FIG. 2 is a graph showing the relationship between the reciprocal of elapsed time (1 / t) and the value of 100 / (100−R). The black circles shown in FIG. 2 are measured values. The measured value (black circle) is calculated by substituting the resistance change rate R _r calculated based on the equation (3) for R of 100 / (100−R). The resistance change rate R _r calculated from the equation (3) changes according to the elapsed time t.

  Formula (4) is represented by the straight line shown in FIG. Since Equation (4) is a linear function of 1 / t, if the vertical axis is 100 (100-R) and the horizontal axis is 1 / t, Equation (4) is a straight line. Is done.

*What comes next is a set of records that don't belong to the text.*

lemma insert_skip_image_atLeastAtMost:
  "p \<in> {u..Suc v} \<Longrightarrow> insert p (skip p ` {u..v}) = {u..Suc v}"
proof (intro equalityI subsetI)
  fix x assume "p \<in> {u..Suc v}" "x \<in> {u..Suc v}"
  then have "x = skip p (unskip p x) \<and> unskip p x \<in> {u..v}" if "x \<noteq> p"
    using that by (auto simp: skip_def unskip_def)
  then show "x \<in> insert p (skip p ` {u..v})"
    by (cases "x = p") auto
qed (auto simp: skip_def)

definition insert_fixpoint :: "nat \<Rightarrow> (nat \<Rightarrow> nat) \<Rightarrow> nat \<Rightarrow> nat" where
  "insert_fixpoint p \<sigma> i = (if i = p then p else skip p (\<sigma> (unskip p i)))"

lemma insert_fixpoint_at [simp]: "insert_fixpoint p \<sigma> p = p"
  by (simp add: insert_fixpoint_def)

lemma insert_fixpoint_skip [simp]: "insert_fixpoint p \<sigma> (skip p i) = skip p (\<sigma> i)"
  by (simp add: insert_fixpoint_def)

lemma inj_insert_fixpoint: "inj (insert_fixpoint p)"
proof (rule injI)
  fix \<sigma> \<tau> assume "insert_fixpoint p \<sigma> = insert_fixpoint p \<tau>"
  then have "skip p (\<sigma> i) = skip p (\<tau> i)" for i
    by (metis insert_fixpoint_skip)
  then show "\<sigma> = \<tau>" by auto
qed

lemma ex_insert_fixpoint_eq:
  assumes "inj \<pi>" "\<pi> p = p"
  shows "\<exists>\<sigma>. \<pi> = insert_fixpoint p \<sigma>"
proof
  have "\<pi> i \<noteq> p" if "i \<noteq> p" for i
    using assms that by (metis injD)
  then show "\<pi> = insert_fixpoint p (unskip p \<circ> \<pi> \<circ> skip p)"
    using assms(2) by (auto simp: insert_fixpoint_def skip_unskip)
qed

lemma insert_fixpoint_comp:
  "insert_fixpoint p (\<sigma> \<circ> \<tau>) = insert_fixpoint p \<sigma> \<circ> insert_fixpoint p \<tau>"
  by (auto simp: insert_fixpoint_def)

lemma insert_fixpoint_id [simp]: "insert_fixpoint p id = id"
  by (auto simp: insert_fixpoint_def skip_unskip)

lemma permutes_insert_fixpoint_iff:
  "insert_fixpoint p \<sigma> permutes insert p (skip p ` S) \<longleftrightarrow> \<sigma> permutes S"
proof
  assume \<pi>: "insert_fixpoint p \<sigma> permutes insert p (skip p ` S)"
  then have "inj (inv (insert_fixpoint p \<sigma>))" "inv (insert_fixpoint p \<sigma>) p = p"
    by (simp_all add: permutes_inj[OF permutes_inv[OF \<pi>]] permutes_inv_eq[OF \<pi>])
  then obtain \<tau> where \<tau>: "inv (insert_fixpoint p \<sigma>) = insert_fixpoint p \<tau>"
    using ex_insert_fixpoint_eq by blast
  have "insert_fixpoint p (\<sigma> \<circ> \<tau>) = insert_fixpoint p id" "insert_fixpoint p (\<tau> \<circ> \<sigma>) = insert_fixpoint p id"
    using permutes_inv_o[OF \<pi>] by (simp_all add: insert_fixpoint_comp flip: \<tau>)
  then have "\<sigma> \<circ> \<tau> = id" "\<tau> \<circ> \<sigma> = id"
    by (simp_all add: inj_insert_fixpoint[THEN injD])
  then have "bij \<sigma>"
    by (intro o_bij)
  moreover have "\<sigma> x = x" if "x \<notin> S" for x
    using permutes_not_in[OF \<pi>, of "skip p x"] that by (auto simp: image_iff)
  ultimately show "\<sigma> permutes S"
    by (simp add: permutes_def bij_iff)
next
  assume \<sigma>: "\<sigma> permutes S"
  have "insert_fixpoint p \<sigma> \<circ> insert_fixpoint p (inv \<sigma>) = id"
    "insert_fixpoint p (inv \<sigma>) \<circ> insert_fixpoint p \<sigma> = id"
    using permutes_inv_o[OF \<sigma>] by (simp_all flip: insert_fixpoint_comp)
  then have "bij (insert_fixpoint p \<sigma>)"
    by (intro o_bij)
  moreover have "insert_fixpoint p \<sigma> x = x" if "x \<notin> insert p (skip p ` S)" for x
  proof -
    have "x \<noteq> p"
      using that by blast
    then have x: "x = skip p (unskip p x)"
      by (simp add: skip_unskip)
    with that have "unskip p x \<notin> S"
      by (metis image_eqI insertCI)
    then have "insert_fixpoint p \<sigma> (skip p (unskip p x)) = skip p (unskip p x)"
      by (simp add: permutes_not_in[OF \<sigma>])
    then show ?thesis
      by (simp only: x[symmetric])
  qed
  ultimately show "insert_fixpoint p \<sigma> permutes insert p (skip p ` S)"
    by (simp add: permutes_def bij_iff)
qed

As shown in FIG. 2, the estimated straight line represented by the equation (4) matches the measured value (black circle), and even if the equation (4) is used, the elapsed time t is similar to the equation (1). The resistance change rate R _r corresponding to can be estimated.

At different elapsed times from one another, by measuring the resistance change rate R _r of the secondary battery, in the coordinate system shown in FIG. 2, it is possible to plot the two measurements. If a straight line that passes through the two measured values is determined, the slope of the straight line has a value of 1 / xk in equation (4), and the intercept of the straight line has a value of 1 / x in equation (4). Therefore, the constants x and k can be calculated from the slope and intercept of the straight line. The constants x and k can be specified in advance by experiments, or can be specified while the secondary battery is used.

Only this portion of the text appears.